Gains are smaller when using large-beam beam-search decoding (with added inference cost).

Results

In-Domain WER

Model	CV-13	SB eval2000	LS clean	LS other	TEDLIUM3	VoxPopuli	WSJ	Macro Avg.
ED (baseline)	11.9	9.2	2.5	5.7	6.6	7.5	1.8	6.4
DeCRED (baseline)	12.0	9.4	2.4	5.5	6.3	7.3	1.5	6.3
DeCRED (per-token)	12.2	9.1	2.3	5.5	5.7	7.3	1.5	6.2
Whisper medium	12.4	14.7	3.0	5.9	4.2	8.0	3.2	7.3
OWSM v3.1	12.9	11.2	2.4	5.0	5.0	8.5	3.5	6.9

Out-of-Domain WER

Model	FLEURS	AMI ihm	Gigaspeech	Earnings-22	Macro Avg.
ED (baseline)	6.4	24.8	20.1	21.4	18.2
DeCRED (baseline)	6.7	22.1	16.9	19.0	16.2
DeCRED (per-token)	6.7	21.9	16.7	18.3	15.9
OWSM v3.1	7.2	23.3	19.2	14.0	15.9
Whisper medium	4.5	16.6	13.8	11.7	11.7

ILM Perplexity

Model	CV-13	LS clean	LS other	SB eval2000	TEDLIUM3	VoxPopuli	WSJ	FLEURS	AMI-ihm	Gigaspeech	Earnings-22
ED (baseline)	455.8	459.8	473.3	474.0	297.6	286.2	676.8	306.7	537.8	297.7	592.1
DeCRED (baseline)	215.7	209.0	197.5	271.6	140.4	141.0	723.2	161.1	310.4	134.1	266.7

Models on Hugging Face

🔍 Inference

You can try DeCRED in two ways:

Cloud demo → Hugging Face Space (runs on Hugging Face’s free-tier hardware, slower for long audio).
Local demo → demo.ipynb (runs the 🤗 Transformers pipeline for ASR on your own machine using the downloaded model).

💡 The local notebook requires Python, PyTorch, transformers, and torchaudio installed. Running locally avoids the hardware limits of the free cloud Space and gives full control over inference speed and resources.

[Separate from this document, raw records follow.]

lemma sum_Pow_sum_Diff_eq:
  assumes "finite A"
  shows "(\<Sum>J\<in>Pow A. \<Sum>j\<in>A - J. h J j) = (\<Sum>S\<in>Pow A. \<Sum>j\<in>S. h (S - {j}) j)"
proof -
  have "(\<Sum>J\<in>Pow A. \<Sum>j\<in>A - J. h J j) = (\<Sum>(J, j)\<in>Sigma (Pow A) (\<lambda>J. A - J). h J j)"
    using assms by (subst sum.Sigma) auto
  also have "\<dots> = (\<Sum>(S, j)\<in>Sigma (Pow A) (\<lambda>S. S). h (S - {j}) j)"
    by (rule sum.reindex_bij_witness[where j="\<lambda>(J, j). (insert j J, j)" and i="\<lambda>(S, j). (S - {j}, j)"])
       (auto simp: insert_absorb)
  also have "\<dots> = (\<Sum>S\<in>Pow A. \<Sum>j\<in>S. h (S - {j}) j)"
    using assms by (subst sum.Sigma) (auto intro: finite_subset)
  finally show ?thesis .
qed

lemma prod_cross_ratio_partial_fractions:
  fixes t z :: "'a::field"
  assumes "finite J" "inj_on x J" "z \<notin> x ` J"
  shows "(\<Prod>i\<in>J. (x i - t * z) / (x i - z)) - t ^ card J =
     (\<Sum>j\<in>J. (\<Prod>i\<in>J. t * x j - x i) / (\<Prod>i\<in>J - {j}. x j - x i) / (z - x j))"
proof -
  have "(\<Prod>i\<in>J. (x i - t * z) / (x i - z)) = (\<Prod>i\<in>J. ((\<lambda>_. t) i * z - x i) / (z - x i))"
    by (rule prod.cong[OF refl]) (simp add: diff_divide_diff_swap)
  also have "\<dots> = (\<Prod>i\<in>J. t) + (\<Sum>j\<in>J. (\<Prod>i\<in>J. t * x j - x i) / (\<Prod>i\<in>J - {j}. x j - x i) / (z - x j))"
    by (rule prod_partial_fractions[OF assms])
  finally show ?thesis by simp
qed

lemma omega_coeff_pole_shift:
  fixes t z :: "'a::field"
  assumes A: "finite A" and S: "S \<subseteq> A" and j: "j \<in> S"
  shows "omega_coeff t x A S * (\<Prod>i\<in>S. G (x i)) *
           ((\<Prod>i\<in>S. t * x j - x i) / (\<Prod>i\<in>S - {j}. x j - x i) / (z - x j))
       = omega_coeff t x A (S - {j}) * (\<Prod>i\<in>S - {j}. G (x i)) * t ^ card (S - {j})
           * (G (x j) * (x j - t * x j) * (\<Prod>i\<in>A - (S - {j}) - {j}. (x j - t * x i) / (x j - x i)) / (z - x j))"
proof -
  define J where "J = S - {j}"
  have SJ: "S = insert j J" and jJ: "j \<notin> J" using j by (auto simp: J_def)
  have fJ: "finite J" using A S J_def finite_subset by auto
  have fAS: "finite (A - S)" using A by auto
  have AJ: "A - J = insert j (A - S)" using S j by (auto simp: J_def)
  have AJj: "A - J - {j} = A - S" using S j by (auto simp: J_def)
  have jAS: "j \<notin> A - S" using j by auto
  define V where "V = (\<Prod>k\<in>A - S. (x j - t * x k) / (x j - x k))"
  define W where "W = (\<Prod>i\<in>J. \<Prod>k\<in>A - S. (x i - t * x k) / (x i - x k))"
  define U1 where "U1 = (\<Prod>i\<in>J. t * x j - x i)"
  define U2 where "U2 = (\<Prod>i\<in>J. x j - x i)"
  define Ph where "Ph = (\<Prod>i\<in>J. G (x i))"
  have cross_S: "cross_factor t x A S = V * W" unfolding cross_factor_def V_def W_def
    using fJ jJ by (simp add: SJ)
  have cross_J: "cross_factor t x A J = U1 / U2 * W"
  proof -
    have "cross_factor t x A J = (\<Prod>i\<in>J. (x i - t * x j) / (x i - x j)) * W"
      unfolding cross_factor_def AJ W_def by (rule prod_prod_insert_inner[OF fAS jAS])
    also have "(\<Prod>i\<in>J. (x i - t * x j) / (x i - x j)) = U1 / U2"
      unfolding U1_def U2_def prod_dividef[symmetric]
      by (rule prod.cong[OF refl]) (simp add: diff_divide_diff_swap)
    finally show ?thesis .
  qed
  have QS: "(\<Prod>i\<in>S. t * x j - x i) = (t * x j - x j) * U1" unfolding SJ U1_def using fJ jJ by simp
  have PhS: "(\<Prod>i\<in>S. G (x i)) = G (x j) * Ph" unfolding SJ Ph_def using fJ jJ by simp
  have cS: "card S = Suc (card J)" unfolding SJ using fJ jJ by simp
  show ?thesis
    unfolding omega_coeff_def J_def[symmetric] AJj cross_S cross_J QS PhS cS
      V_def[symmetric] Ph_def[symmetric] U2_def[symmetric]
    by (simp add: Suc_choose_two power_add divide_inverse algebra_simps)
qed

lemma sum_omega_coeff_cross_ratio:
  fixes t z :: "'a::field"
  assumes A: "finite A" and inj: "inj_on x A" and z: "z \<notin> x ` A"
  shows "(\<Sum>J\<in>Pow A. omega_coeff t x A J * (\<Prod>i\<in>J. G (x i)) *
            ((\<Prod>i\<in>J. (x i - t * z) / (x i - z)) - t ^ card J))
       = (\<Sum>J\<in>Pow A. omega_coeff t x A J * (\<Prod>i\<in>J. G (x i)) * t ^ card J
           * (\<Sum>j\<in>A - J. G (x j) * (x j - t * x j) * (\<Prod>i\<in>A - J - {j}. (x j - t * x i) / (x j - x i)) / (z - x j)))"
proof -
  define h where "h J j = omega_coeff t x A J * (\<Prod>i\<in>J. G (x i)) * t ^ card J
           * (G (x j) * (x j - t * x j) * (\<Prod>i\<in>A - J - {j}. (x j - t * x i) / (x j - x i)) / (z - x j))" for J j
  have "(\<Sum>J\<in>Pow A. omega_coeff t x A J * (\<Prod>i\<in>J. G (x i)) *
            ((\<Prod>i\<in>J. (x i - t * z) / (x i - z)) - t ^ card J))
     = (\<Sum>S\<in>Pow A. \<Sum>j\<in>S. h (S - {j}) j)"
  proof (rule sum.cong[OF refl])
    fix S assume S: "S \<in> Pow A"
    have fS: "finite S" using S A finite_subset by auto
    have iS: "inj_on x S" using S inj inj_on_subset by auto
    have zS: "z \<notin> x ` S" using S z by auto
    show "omega_coeff t x A S * (\<Prod>i\<in>S. G (x i)) *
            ((\<Prod>i\<in>S. (x i - t * z) / (x i - z)) - t ^ card S) = (\<Sum>j\<in>S. h (S - {j}) j)"
      unfolding prod_cross_ratio_partial_fractions[OF fS iS zS] sum_distrib_left h_def
      using S by (intro sum.cong refl omega_coeff_pole_shift[OF A]) auto
  qed
  also have "\<dots> = (\<Sum>J\<in>Pow A. \<Sum>j\<in>A - J. h J j)" by (rule sum_Pow_sum_Diff_eq[OF A, symmetric])
  finally show ?thesis unfolding h_def sum_distrib_left .
qed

Example snippet from the notebook:

from transformers import pipeline

model_id = "BUT-FIT/DeCRED-base"
pipe = pipeline("automatic-speech-recognition", model=model_id, feature_extractor=model_id, trust_remote_code=True)
# In newer versions of transformers (>4.31.0), there is a bug in the pipeline inference type.
# The warning can be ignored.
pipe.type = "seq2seq"

🏋️ Training

Full training requires following the complete recipe provided in the recipes/ folder. The process includes environment setup, dataset preparation, tokenizer training, model initialization, and full training scripts.

Steps:

Clone and set up environment

git clone https://github.com/BUTSpeechFIT/DeCRED.git
cd DeCRED

python -m venv decred_venv
source decred_venv/bin/activate

git submodule init
git submodule update
cd huggingface_asr
pip install -r requirements.txt
cd ..

Configure environment variables in env.sh

source decred_venv/bin/activate
export PROJECT="DeCRED"
export WORK_DIR="/path/to/DeCRED"
export HF_HOME="${WORK_DIR}/huggingface_cache"
export OMP_NUM_THREADS=64
export PYTHONPATH="${PYTHONPATH}:${WORK_DIR}/huggingface_asr"

Prepare datasets

Update the paths to WSJ and Fisher datasets in Kaldi format inside recipes/datasets.json.
If you do not have local copies of these datasets:
- Remove their entries from datasets.json, or
- Use the already pruned recipes/datasets_hf.json, which contains only datasets available on the Hugging Face Hub and requires no local copies.
Run the data preparation script. (Optionally, store the prepared dataset using the --dump_prepared_dataset_to argument to speed up future loading.)
```
sbatch recipes/data_prep.sh
```

Train tokenizer (optional if using existing tokenizer)
```
sbatch recipes/tokenizer.sh
```
Initialize model configs (optional if using existing models)
```
sbatch recipes/initialize_models.sh
```
Run training
```
sbatch recipes/decred_base.sh
```

📄 See recipes/ for alternative configurations (small/base models, domain adaptation, etc.).

Citation

@inproceedings{polok2025decred,
  title        = {{DeCRED}: Decoder-Centric Regularization for Encoder-Decoder Based Speech Recognition},
  author       = {Polok, Alexander and Kesiraju, Santosh and Bene{\v s}, Karel and Yusuf, Bolaji and Burget, Luk{\'a}{\v s} and {\v C}ernock{\'y}, Jan},
  booktitle    = {2025 IEEE Automatic Speech Recognition and Understanding Workshop (ASRU)},  
  year         = {2025},
}

Contact

Questions? → ipoloka@fit.vut.cz

Contributions welcome! Please open an issue or PR.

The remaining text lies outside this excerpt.